MRI scans catch early signs of PSC recurrence after liver transplant
Study finds scans better than standard blood tests
Written by |
Scheduled MRI scans one to three years after a liver transplant may detect signs of returning primary sclerosing cholangitis (PSC) earlier than standard blood-based liver function tests, a single-center study suggested.
Researchers using a specialized MRI technique called magnetic resonance cholangiopancreatography (MRCP) found that nearly half of patients showed early signs of recurrent PSC (rPSC), often before abnormalities appeared in routine tests that measure liver enzyme levels.
“Protocol-driven MRCP surveillance demonstrates that rPSC is frequent and often detectable early after liver transplantation, identifying a potential therapeutic window before clinical manifestations occur,” the researchers wrote. “The high proportion of … biochemically silent recurrence in our [group of patients] underscores the limitations of [liver] enzyme-based surveillance alone and supports the value of protocol-driven MRCP follow-up after LT [liver transplant].”
The study, “Early MRCP surveillance for recurrent primary sclerosing cholangitis after liver transplantation: a prospective imaging study,” was published in Scientific Reports.
PSC is an autoimmune disease marked by inflammation and scarring (fibrosis) of the bile ducts, the tubes that carry the digestive fluid bile from the liver to the intestines. This damage can disrupt bile flow, a condition known as cholestasis, and over time may lead to liver failure, making liver transplant the only treatment option.
Detecting disease return before symptoms appear
“Although [liver transplant] is the only curative option for end-stage PSC, disease recurrence in the graft [transplanted organ] … remains one of the major long-term complications,” the researchers wrote.
Imaging tests such as MRCP that help visualize the bile ducts are often performed only after symptoms appear or when blood tests suggest liver damage. This approach may miss early (subclinical) disease, leading to an underestimation of the true occurrence of rPSC.
“Early identification of subclinical disease may allow closer surveillance and optimization of post-transplant management and could be particularly relevant in the context of emerging antifibrotic and disease-modifying therapies,” the researchers wrote.
To better understand how often PSC returns, which patients are at higher risk, and how the disease progresses over time, the team of researchers in Poland followed 102 adults who underwent liver transplants for PSC at their center from January 2017 to September 2024.
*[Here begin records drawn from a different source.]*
lemma digsum_eq_sum_lessThan:
  assumes "b \<ge> 2" "n < b ^ K"
  shows "digsum b n = (\<Sum>k<K. int (n div b ^ k mod b))"
proof -
  have vanish: "n div b ^ k mod b = 0" if "K \<le> k \<or> n < k" for k
  proof -
    have "n < b ^ k"
    proof (cases "K \<le> k")
      case True
      then show ?thesis using assms power_increasing[of K k b] by linarith
    next
      case False
      then have "n < k" using that by simp
      then show ?thesis using less_power_self[OF assms(1), of k] by simp
    qed
    then show ?thesis by simp
  qed
  let ?M = "{..<max K (Suc n)}"
  have "digsum b n = (\<Sum>k\<in>?M. int (n div b ^ k mod b))"
    unfolding digsum_def using vanish by (intro sum.mono_neutral_left) auto
  also have "\<dots> = (\<Sum>k<K. int (n div b ^ k mod b))"
    using vanish by (intro sum.mono_neutral_right) auto
  finally show ?thesis .
qed

lemma digsum_mult_add:
  assumes "b \<ge> 2" "n0 < b"
  shows "digsum b (b * m + n0) = int n0 + digsum b m"
proof -
  have "b * m + n0 < b * (m + 1)" using assms(2) by simp
  also have "\<dots> \<le> b * b ^ m" using less_power_self[OF assms(1), of m] by (intro mult_le_mono2) simp
  finally have "digsum b (b * m + n0) = (\<Sum>k<Suc m. int ((b * m + n0) div b ^ k mod b))"
    using assms(1) by (intro digsum_eq_sum_lessThan) auto
  also have "\<dots> = int n0 + (\<Sum>k<m. int (m div b ^ k mod b))"
    using assms by (simp only: sum.lessThan_Suc_shift) (simp add: div_mult2_eq)
  also have "\<dots> = int n0 + digsum b m"
    using digsum_eq_sum_lessThan[OF assms(1) less_power_self[OF assms(1)]] by simp
  finally show ?thesis .
qed

lemma Delta_mult_add:
  assumes "b \<ge> 2" "n0 < b" "r0 < b"
  shows "Delta b (b * r + r0) (b * m + n0) =
     (if n0 + r0 < b then Delta b r m + int r0 else Delta b (r + 1) m + int r0 - int b)"
proof (cases "n0 + r0 < b")
  case True
  have e: "b * m + n0 + (b * r + r0) = b * (m + r) + (n0 + r0)" by (simp add: algebra_simps)
  show ?thesis unfolding Delta_def e
    using True assms digsum_mult_add[of b "n0 + r0" "m + r"] digsum_mult_add[of b n0 m]
    by simp
next
  case False
  have e: "b * m + n0 + (b * r + r0) = b * (m + (r + 1)) + (n0 + r0 - b)"
    using False by (simp add: algebra_simps)
  show ?thesis unfolding Delta_def e
    using False assms digsum_mult_add[of b "n0 + r0 - b" "m + (r + 1)"] digsum_mult_add[of b n0 m]
    by (simp add: of_nat_diff)
qed
(* In the kernel SGD setting below, assume the capacity condition with exponent $\beta>1$, the source condition with exponent $s>0$, and hypercontractivity with constant $C$. Run one-pass SGD for $N$ steps with $\eta_k=\eta_0(1-k/N)^\gamma$, $k=0,\dots,N-1$. Let $c_0$ be a constant with $0<c_0\le\lambda_1^{-1}$ and $c_0<(2C\,\mathrm{tr}(\mathcal T))^{-1}$. Then: (i) If $s\ge1-1/\beta$, $\gamma>\beta-1$ and $\eta_0=c_0N^{-\frac{s\beta-\beta+1}{s\beta+1}}$, then $\mathbb E[\mathcal E(\theta_N)]\lesssim N^{-\frac{s\beta}{s\beta+1}}$. (ii) If $s<1-1/\beta$, $\gamma>\frac{s}{1-s}$ and $\eta_0=c_0$, then $\mathbb E[\mathcal E(\theta_N)]\lesssim N^{-s}$. Implicit constants do not depend on $N$.
   Context: Kernel SGD setting. $\mathcal X$ is an input space, $\mathcal D$ a distribution on $\mathcal X\times\mathbb R$ with marginal $\mathcal D_{\mathcal X}$; $\mathbb H$ is a separable Hilbert space and $\phi:\mathcal X\to\mathbb H$ a feature map with kernel $K(x,x')=\langle\phi(x),\phi(x')\rangle$ and $\mathbb E[K(x,x)]<\infty$. The covariance operator $\mathcal T=\mathbb E[\phi(x)\otimes\phi(x)]$ has eigenvalues $\lambda_1\ge\lambda_2\ge\dots\ge0$ with orthonormal eigenvectors $v_j\in\mathbb H$; $\mathrm{tr}(\mathcal T)=\sum_j\lambda_j$; $e_j(x)=\lambda_j^{-1/2}\langle v_j,\phi(x)\rangle$ (orthonormal in $L^2(\mathcal D_{\mathcal X})$). Labels: $y=f^*(x)+\epsilon$, $\epsilon\sim\mathcal N(0,\sigma^2)$ independent of $x$, with $f^*$ in the $L^2$-closure of $\mathrm{span}\{e_j\}$. Capacity condition: $\lambda_j\le c\,j^{-\beta}$ for all $j$. Source condition: $f^*=\sum_j a_j\lambda_j^{s/2}e_j$ with $\sum_ja_j^2\le1$; set $\theta^*_j=a_j\lambda_j^{(s-1)/2}$. Hypercontractivity: $\mathbb E[\langle u,\phi(x)\rangle^2\langle v,\phi(x)\rangle^2]\le C\,\mathbb E[\langle u,\phi(x)\rangle^2]\mathbb E[\langle v,\phi(x)\rangle^2]$ for all $u,v\in\mathbb H$. One-pass SGD: i.i.d. samples $(x_k,y_k)\sim\mathcal D$, $\theta_0=0$, $\theta_{k+1}=\theta_k-\eta_k(\langle\theta_k,\phi(x_k)\rangle-y_k)\phi(x_k)$. Excess risk: $\mathcal E(\theta)=\frac12\mathbb E_x[(\langle\theta,\phi(x)\rangle-f^*(x))^2]=\frac12\sum_j\lambda_j(\langle\theta,v_j\rangle-\theta_j^* )^2$. *)

theory Defs
  imports "HOL-Probability.Probability"
begin

fun sgd_iter :: "(nat \<Rightarrow> real) \<Rightarrow> ('x \<Rightarrow> 'h::real_inner) \<Rightarrow> (nat \<Rightarrow> 'x \<times> real) \<Rightarrow> nat \<Rightarrow> 'h" where
  "sgd_iter eta phi z 0 = 0"
| "sgd_iter eta phi z (Suc k) =
     (let th = sgd_iter eta phi z k in
        th - (eta k * (inner th (phi (fst (z k))) - snd (z k))) *\<^sub>R phi (fst (z k)))"

definition excess_risk :: "'x measure \<Rightarrow> ('x \<Rightarrow> 'h::real_inner) \<Rightarrow> ('x \<Rightarrow> real) \<Rightarrow> 'h \<Rightarrow> ennreal" where
  "excess_risk mu phi f th = (\<integral>\<^sup>+ x. ennreal ((inner th (phi x) - f x)\<^sup>2 / 2) \<partial>mu)"

definition data_dist :: "'x measure \<Rightarrow> ('x \<Rightarrow> real) \<Rightarrow> real \<Rightarrow> ('x \<times> real) measure" where
  "data_dist mu f sig =
     distr (mu \<Otimes>\<^sub>M density lborel (normal_density 0 sig)) (mu \<Otimes>\<^sub>M borel)
           (\<lambda>(x, e). (x, f x + e))"

definition expected_risk ::
  "'x measure \<Rightarrow> ('x \<Rightarrow> 'h::real_inner) \<Rightarrow> ('x \<Rightarrow> real) \<Rightarrow> real \<Rightarrow> (nat \<Rightarrow> real) \<Rightarrow> nat \<Rightarrow> ennreal" where
  "expected_risk mu phi f sig eta N =
     (\<integral>\<^sup>+ z. excess_risk mu phi f (sgd_iter eta phi z N) \<partial>(PiM {..<N} (\<lambda>_. data_dist mu f sig)))"

definition eigfun :: "(nat \<Rightarrow> real) \<Rightarrow> (nat \<Rightarrow> 'h::real_inner) \<Rightarrow> ('x \<Rightarrow> 'h) \<Rightarrow> nat \<Rightarrow> 'x \<Rightarrow> real" where
  "eigfun lam v phi j x = lam j powr (-1/2) * inner (v j) (phi x)"

end

theory Submission
  imports Defs
begin
section \<open>Homogeneous linear systems\<close>

text \<open>A homogeneous system of m linear equations in more than m unknowns has a nontrivial
  solution (elimination of one unknown per equation).\<close>
lemma homogeneous_system_nontrivial_solution:
  fixes A :: "nat \<Rightarrow> 'i \<Rightarrow> complex"
  assumes "finite I" "m < card I"
  shows "\<exists>c. (\<exists>i\<in>I. c i \<noteq> 0) \<and> (\<forall>j<m. (\<Sum>i\<in>I. A j i * c i) = 0)"
  using assms
proof (induction m arbitrary: I A)
  case 0
  then obtain i where "i \<in> I" by fastforce
  then show ?case by (intro exI[of _ "\<lambda>_. 1"]) auto
next
  case (Suc m)
  show ?case
  proof (cases "\<forall>i\<in>I. A m i = 0")
    case True
    obtain c where c: "\<exists>i\<in>I. c i \<noteq> 0" "\<forall>j<m. (\<Sum>i\<in>I. A j i * c i) = 0"
      using Suc.IH[of I A] Suc.prems by auto
    show ?thesis
      using c True by (intro exI[of _ c]) (auto simp: less_Suc_eq)
  next
    case False
    then obtain i0 where i0: "i0 \<in> I" "A m i0 \<noteq> 0" by auto
    define I' where "I' = I - {i0}"
    text \<open>Eliminate the unknown i0 using the last equation.\<close>
    define B where "B = (\<lambda>j i. A j i - A j i0 * A m i / A m i0)"
    have "m < card I'" using Suc.prems i0 by (simp add: I'_def)
    then obtain d where d: "\<exists>i\<in>I'. d i \<noteq> 0" "\<forall>j<m. (\<Sum>i\<in>I'. B j i * d i) = 0"
      using Suc.IH[of I' B] Suc.prems by (auto simp: I'_def)
    define S where "S = (\<Sum>i\<in>I'. A m i * d i)"
    define c where "c = (\<lambda>i. if i = i0 then - S / A m i0 else d i)"
    have split: "(\<Sum>i\<in>I. A j i * c i) = A j i0 * c i0 + (\<Sum>i\<in>I'. A j i * d i)" for j
    proof -
      have "(\<Sum>i\<in>I. A j i * c i) = A j i0 * c i0 + (\<Sum>i\<in>I'. A j i * c i)"
        unfolding I'_def using Suc.prems i0 by (simp add: sum.remove)
      also have "(\<Sum>i\<in>I'. A j i * c i) = (\<Sum>i\<in>I'. A j i * d i)"
        by (rule sum.cong) (auto simp: c_def I'_def)
      finally show ?thesis .
    qed
    have "(\<Sum>i\<in>I. A j i * c i) = 0" if "j < Suc m" for j
    proof (cases "j = m")
      case True
      then show ?thesis unfolding True split using i0 by (simp add: c_def S_def)
    next
      case False
      then have "j < m" using that by simp
      have "(\<Sum>i\<in>I'. B j i * d i) = (\<Sum>i\<in>I'. A j i * d i) - A j i0 / A m i0 * S"
        unfolding B_def S_def by (simp add: algebra_simps sum_subtractf sum_distrib_left)
      then have "(\<Sum>i\<in>I'. A j i * d i) = A j i0 / A m i0 * S" using d(2) \<open>j < m\<close> by simp
      then show ?thesis unfolding split using i0 by (simp add: c_def)
    qed
    moreover have "\<exists>i\<in>I. c i \<noteq> 0" using d(1) by (auto simp: c_def I'_def)
    ultimately show ?thesis by blast
  qed
qed
(* Let $s>1/2$ and $0<\epsilon<\min\{1,2s-1\}$. Then there exist $\sigma\in(0,1)$ and $C>0$ such that for all $u_1,u_2,u_3\in H^s(\mathbb{R})$, $\|T_\sigma(u_1,u_2,u_3)\|_{H^{s+\epsilon}}\le C\prod_{j=1}^3\|u_j\|_{H^s}$.
   Context: (Cubic term $-i|w|^2\partial_x\bar w$ of the gauge-transformed derivative NLS $iw_t+w_{xx}=-i|w|^2\partial_x\bar w-\frac12|w|^4w$.) $\langle a\rangle=(1+|a|^2)^{1/2}$; $\Xi=(\xi,\xi_1,\xi_2,\xi_3)$, $\Phi(\Xi)=\xi^2-\xi_1^2+\xi_2^2-\xi_3^2=2(\xi-\xi_1)(\xi-\xi_3)$, $m(\Xi)=\xi_2$, and $\mathcal{F}[T_\sigma(u_1,u_2,u_3)](\xi)=\int_{\xi_1+\xi_2+\xi_3=\xi}\langle\Phi(\Xi)\rangle^{-\sigma}m(\Xi)\hat u_1(\xi_1)\hat u_2(\xi_2)\hat u_3(\xi_3)\,d\xi_1d\xi_3$. *)

theory Defs
  imports "HOL-Analysis.Analysis"
begin

definition japan :: "real \<Rightarrow> real" where
  "japan a = sqrt (1 + a\<^sup>2)"

definition Phi :: "real \<Rightarrow> real \<Rightarrow> real \<Rightarrow> real \<Rightarrow> real" where
  "Phi \<xi> \<xi>1 \<xi>2 \<xi>3 = \<xi>\<^sup>2 - \<xi>1\<^sup>2 + \<xi>2\<^sup>2 - \<xi>3\<^sup>2"

text \<open>The functions f1 f2 f3 play the role of the Fourier transforms of u1 u2 u3.\<close>
definition T_integrand ::
  "real \<Rightarrow> (real \<Rightarrow> complex) \<Rightarrow> (real \<Rightarrow> complex) \<Rightarrow> (real \<Rightarrow> complex)
    \<Rightarrow> real \<Rightarrow> real \<times> real \<Rightarrow> complex" where
  "T_integrand \<sigma> f1 f2 f3 \<xi> p =
     (let \<xi>1 = fst p; \<xi>3 = snd p; \<xi>2 = \<xi> - \<xi>1 - \<xi>3 in
      complex_of_real (japan (Phi \<xi> \<xi>1 \<xi>2 \<xi>3) powr (- \<sigma>) * \<xi>2)
        * f1 \<xi>1 * f2 \<xi>2 * f3 \<xi>3)"

text \<open>Fourier transform of T_sigma(u1,u2,u3), given hat u_j = f_j.\<close>
definition T_hat ::
  "real \<Rightarrow> (real \<Rightarrow> complex) \<Rightarrow> (real \<Rightarrow> complex) \<Rightarrow> (real \<Rightarrow> complex)
    \<Rightarrow> real \<Rightarrow> complex" where
  "T_hat \<sigma> f1 f2 f3 \<xi> = (\<integral> p. T_integrand \<sigma> f1 f2 f3 \<xi> p \<partial>lborel)"

text \<open>f is the Fourier transform of an H^s function: measurable with
  <xi>^s f in L^2.\<close>
definition in_Hs_hat :: "real \<Rightarrow> (real \<Rightarrow> complex) \<Rightarrow> bool" where
  "in_Hs_hat s f \<longleftrightarrow> f \<in> borel_measurable lborel \<and>
     integrable lborel (\<lambda>\<xi>. japan \<xi> powr (2 * s) * (cmod (f \<xi>))\<^sup>2)"

definition Hs_norm_hat :: "real \<Rightarrow> (real \<Rightarrow> complex) \<Rightarrow> real" where
  "Hs_norm_hat s f = sqrt (\<integral> \<xi>. japan \<xi> powr (2 * s) * (cmod (f \<xi>))\<^sup>2 \<partial>lborel)"

end

theory Submission
  imports Defs
begin

(* On the Fourier side the estimate is a weighted L^2 bound for a trilinear integral with kernel
     K = <xi>^(s+eps) |xi2| <Phi>^(-sigma) / (<xi1>^s <xi2>^s <xi3>^s),   Phi = 2 (xi - xi1) (xi - xi3).
   K is symmetric in xi1, xi3, so one may assume |a| <= |b| for a = xi - xi1, b = xi - xi3.  If |xi3| is
   much larger than <b>, all four frequencies are comparable and K is bounded by a multiple of
   <Phi>^(-sigma), because 1 + eps < 2s.  Otherwise <xi> and <xi2> are controlled by <b>, and <b - a>
   by <xi1> <xi3>, which gives K <= C (1 + <b>^(1+eps) <b-a>^(-q)) <2ab>^(-sigma) for q <= min s 1.
   This majorant has singularities |a|^(-sigma) and |b - a|^(-q) of integrable order, and the choice
   2 + eps - 2 sigma - q <= 0 makes its integral over |a| <= |b| bounded uniformly in b.  Schur's test
   (Cauchy-Schwarz against the kernel) then turns these fiber bounds into the trilinear L^2 bound. *)

lemma borel_measurable_japan [measurable]: "japan \<in> borel_measurable borel"
  unfolding japan_def by measurable

lemma japan_pos: "0 < japan x"
  unfolding japan_def by (simp add: add_pos_nonneg)

lemma japan_nonzero [simp]: "japan x \<noteq> 0"
  using japan_pos[of x] by simp

lemma japan_ge_one: "1 \<le> japan x"
  unfolding japan_def by simp

lemma abs_le_japan: "\<bar>x\<bar> \<le> japan x"
  unfolding japan_def by (rule real_le_rsqrt) simp

lemma power2_japan: "(japan x)\<^sup>2 = 1 + x\<^sup>2"
  unfolding japan_def by simp

lemma japan_uminus [simp]: "japan (- x) = japan x"
  unfolding japan_def by simp

lemma japan_powr: "japan x powr r = exp (r * ln (japan x))"
  by (simp add: powr_def)

lemma japan_powr_neg_le_one: "0 \<le> q \<Longrightarrow> japan x powr (- q) \<le> 1"
  using powr_mono[of "- q" 0 "japan x"] japan_ge_one[of x] by simp

lemma ln_japan_nonneg: "0 \<le> ln (japan x)"
  using japan_ge_one[of x] by simp

lemma japan_le_mult_japan:
  assumes "\<bar>x\<bar> \<le> c * \<bar>y\<bar>" "1 \<le> c"
  shows "japan x \<le> c * japan y"
proof -
  have "\<bar>x\<bar>\<^sup>2 \<le> (c * \<bar>y\<bar>)\<^sup>2"
    using assms by (intro power_mono) auto
  then have "x\<^sup>2 \<le> c\<^sup>2 * y\<^sup>2"
    by (simp add: power_mult_distrib)
  moreover have "1 \<le> c\<^sup>2"
    using assms(2) by (simp add: one_le_power)
  ultimately have "1 + x\<^sup>2 \<le> c\<^sup>2 * (1 + y\<^sup>2)"
    by (simp add: algebra_simps)
  also have "\<dots> = (c * japan y)\<^sup>2"
    by (simp add: power_mult_distrib power2_japan)
  finally show ?thesis
    unfolding japan_def by (intro real_le_lsqrt) (use assms japan_pos[of y] in auto)
qed

lemma japan_mono: "\<bar>x\<bar> \<le> \<bar>y\<bar> \<Longrightarrow> japan x \<le> japan y"
  using japan_le_mult_japan[of x 1 y] by simp

lemma japan_add_le: "japan (x + y) \<le> japan x + \<bar>y\<bar>"
proof -
  have "x * y \<le> \<bar>x\<bar> * \<bar>y\<bar>"
    by (simp add: abs_mult[symmetric])
  also have "\<dots> \<le> japan x * \<bar>y\<bar>"
    by (intro mult_right_mono abs_le_japan) auto
  finally have "x * y \<le> japan x * \<bar>y\<bar>" .
  then have "1 + (x + y)\<^sup>2 \<le> (japan x + \<bar>y\<bar>)\<^sup>2"
    by (simp add: power2_sum power2_japan)
  then show ?thesis
    unfolding japan_def by (intro real_le_lsqrt) (use japan_pos[of x] in auto)
qed

lemma japan_le_one_plus_abs: "japan x \<le> 1 + \<bar>x\<bar>"
  using japan_add_le[of 0 x] by (simp add: japan_def)

lemma ln_le_ln_add_ln:
  fixes x y c :: real
  assumes "0 < x" "0 < y" "x \<le> c * y"
  shows "ln x \<le> ln c + ln y"
proof -
  have "0 < c * y"
    using assms by linarith
  then have "0 < c"
    using assms(2) by (simp add: zero_less_mult_iff)
  with assms have "ln x \<le> ln (c * y)"
    by simp
  also have "\<dots> = ln c + ln y"
    using \<open>0 < c\<close> assms by (simp add: ln_mult)
  finally show ?thesis .
qed

lemma ln_japan_add_le: "ln (japan (x + y)) \<le> ln 2 / 2 + ln (japan x) + ln (japan y)"
proof -
  have "(x + y)\<^sup>2 \<le> 2 * x\<^sup>2 + 2 * y\<^sup>2"
    using sum_squares_bound[of x y] by (simp add: power2_eq_square algebra_simps)
  moreover have "2 * ((1 + x\<^sup>2) * (1 + y\<^sup>2)) = 2 + 2 * x\<^sup>2 + 2 * y\<^sup>2 + 2 * (x\<^sup>2 * y\<^sup>2)"
    by (simp add: algebra_simps)
  moreover have "0 \<le> x\<^sup>2 * y\<^sup>2"
    by simp
  ultimately have "1 + (x + y)\<^sup>2 \<le> 2 * ((1 + x\<^sup>2) * (1 + y\<^sup>2))"
    by linarith
  then have "sqrt (1 + (x + y)\<^sup>2) \<le> sqrt (2 * ((1 + x\<^sup>2) * (1 + y\<^sup>2)))"
    by (rule real_sqrt_le_mono)
  then have "japan (x + y) \<le> sqrt 2 * (japan x * japan y)"
    unfolding japan_def by (simp only: real_sqrt_mult)
  then have "ln (japan (x + y)) \<le> ln (sqrt 2) + ln (japan x * japan y)"
    by (intro ln_le_ln_add_ln japan_pos) (simp_all add: japan_pos)
  then show ?thesis
    by (simp add: ln_mult japan_pos ln_sqrt)
qed

lemma abs_ln_japan_diff_le:
  assumes "\<bar>x - y\<bar> \<le> \<bar>y\<bar> / 2"
  shows "\<bar>ln (japan x) - ln (japan y)\<bar> \<le> ln 2"
proof -
  have "ln (japan x) \<le> ln 2 + ln (japan y)"
    using assms by (intro ln_le_ln_add_ln japan_pos japan_le_mult_japan) arith+
  moreover have "ln (japan y) \<le> ln 2 + ln (japan x)"
    using assms by (intro ln_le_ln_add_ln japan_pos japan_le_mult_japan) arith+
  ultimately show ?thesis
    by arith
qed

definition log_weight :: "real \<Rightarrow> real \<Rightarrow> real \<Rightarrow> real \<Rightarrow> real \<Rightarrow> real" where
  "log_weight s \<epsilon> \<xi> \<xi>1 \<xi>3 =
     (s + \<epsilon>) * ln (japan \<xi>) + (1 - s) * ln (japan (\<xi> - \<xi>1 - \<xi>3))
     - s * ln (japan \<xi>1) - s * ln (japan \<xi>3)"

text \<open>In both regimes the bound is certified by writing the difference as a sum of products of
  nonnegative factors.\<close>

lemma log_weight_le_far:
  assumes eps: "0 \<le> \<epsilon>" "1 + \<epsilon> < 2 * min s 1"
    and near_diag: "\<bar>\<xi> - \<xi>1\<bar> \<le> \<bar>\<xi> - \<xi>3\<bar>" and far: "4 * japan (\<xi> - \<xi>3) \<le> \<bar>\<xi>3\<bar>"
  shows "log_weight s \<epsilon> \<xi> \<xi>1 \<xi>3 \<le> (3 * s + 2) * ln 2"
proof -
  define L where "L x = ln (japan x)" for x
  define \<xi>2 where "\<xi>2 = \<xi> - \<xi>1 - \<xi>3"
  have s: "1 + \<epsilon> < 2 * s" "\<epsilon> < 1"
    using eps(2) min.cobounded1[of s 1] min.cobounded2[of s 1] by linarith+
  have b: "\<bar>\<xi> - \<xi>3\<bar> \<le> \<bar>\<xi>3\<bar> / 4"
    using far abs_le_japan[of "\<xi> - \<xi>3"] by linarith
  have d: "\<bar>L \<xi> - L \<xi>3\<bar> \<le> ln 2"
    unfolding L_def using b by (intro abs_ln_japan_diff_le) linarith
  have d1: "\<bar>L \<xi>1 - L \<xi>3\<bar> \<le> ln 2"
    unfolding L_def using near_diag b by (intro abs_ln_japan_diff_le) arith
  have "\<bar>\<xi>2 - - \<xi>3\<bar> \<le> \<bar>- \<xi>3\<bar> / 2"
    using near_diag b unfolding \<xi>2_def by arith
  then have d2: "\<bar>L \<xi>2 - L \<xi>3\<bar> \<le> ln 2"
    using abs_ln_japan_diff_le unfolding L_def by fastforce
  have "(3 * s + 2) * ln 2 - log_weight s \<epsilon> \<xi> \<xi>1 \<xi>3
      = (2 * s - 1 - \<epsilon>) * L \<xi>3 + (s + \<epsilon>) * (ln 2 - (L \<xi> - L \<xi>3))
        + (ln 2 - (L \<xi>2 - L \<xi>3)) + s * (ln 2 - (L \<xi>3 - L \<xi>2))
        + s * (ln 2 - (L \<xi>3 - L \<xi>1)) + (1 - \<epsilon>) * ln 2"
    unfolding log_weight_def L_def \<xi>2_def by (simp add: algebra_simps)
  moreover have "0 \<le> (2 * s - 1 - \<epsilon>) * L \<xi>3 + (s + \<epsilon>) * (ln 2 - (L \<xi> - L \<xi>3))
        + (ln 2 - (L \<xi>2 - L \<xi>3)) + s * (ln 2 - (L \<xi>3 - L \<xi>2))
        + s * (ln 2 - (L \<xi>3 - L \<xi>1)) + (1 - \<epsilon>) * ln 2"
    using s eps(1) d d1 d2 ln_japan_nonneg[of \<xi>3] unfolding L_def
    by (intro add_nonneg_nonneg mult_nonneg_nonneg) (auto simp: abs_le_iff)
  ultimately show ?thesis
    by linarith
qed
Participants, most of whom were men (63.7%), had a median age of 35.5 at the time of liver transplant, and had been living with PSC for a median of 6.3 years.
Inflammatory bowel disease (IBD), a condition frequently seen in people with PSC, was present in most patients, particularly before transplant. Ulcerative colitis (UC), the most common form of IBD, accounted for the majority of cases.
Nine patients had cytomegalovirus (CMV) infection, a common viral infection that can reactivate with standard immunosuppressive treatments after transplant.
Participants underwent MRCP scans one and three years after transplant to monitor for disease recurrence. At the time of the analysis, 79.4% had undergone both scans, while the rest had completed only the first.
Overall, rPSC was detected in 50 patients (49%), with 30.4% of them already showing bile duct abnormalities at the first scan. By the second scan, 58% of those assessed showed signs of recurrence.
Advanced rPSC occurred in 14.7% of participants, including cases needing another transplant or that resulted in death. The median time to advanced rPSC was 59 months, or nearly five years, after transplant.
Recurrence was significantly more frequent among individuals with UC (83.3% vs. 65.4%), those who developed IBD after transplant (16.7% vs. 3.9%), and those with post-transplant IBD flares (50% vs. 28.9%). These results suggest that gastrointestinal inflammation may “trigger early biliary injury” that drives rPSC, the researchers wrote.
Statistical analyses accounting for multiple factors identified male sex and post-transplant CMV detection as independent predictors of advanced rPSC. Additional analyses showed that patients with detectable CMV were significantly more likely to progress to advanced disease more rapidly, regardless of IBD status, while those without CMV generally had lower recurrence rates and milder disease courses.
These findings add “biologic plausibility to the hypothesis that viral infection may contribute to graft injury” that drives faster progression “from radiologic to clinically significant recurrence,” the team wrote.
Imaging often showed signs of recurrence in the absence of biochemical abnormalities. At the first MRCP, 38.7% of participants with radiological features of rPSC had normal liver enzyme levels commonly used to assess cholestasis; this proportion rose to 59.6% by the second scan.
Still, “biochemical cholestasis at the time of the first MRCP was strongly associated with faster progression to advanced rPSC,” suggesting that “integrating biochemical parameters into risk stratification, alongside systematic imaging, may help recognize patients at imminent risk of clinically significant progression,” the team wrote.
Larger studies are needed to confirm the study’s findings, the researchers said. Such data could help tailor post-transplant monitoring and treatment strategies, including closer imaging surveillance, improved IBD control, and optimized CMV infection prevention and management.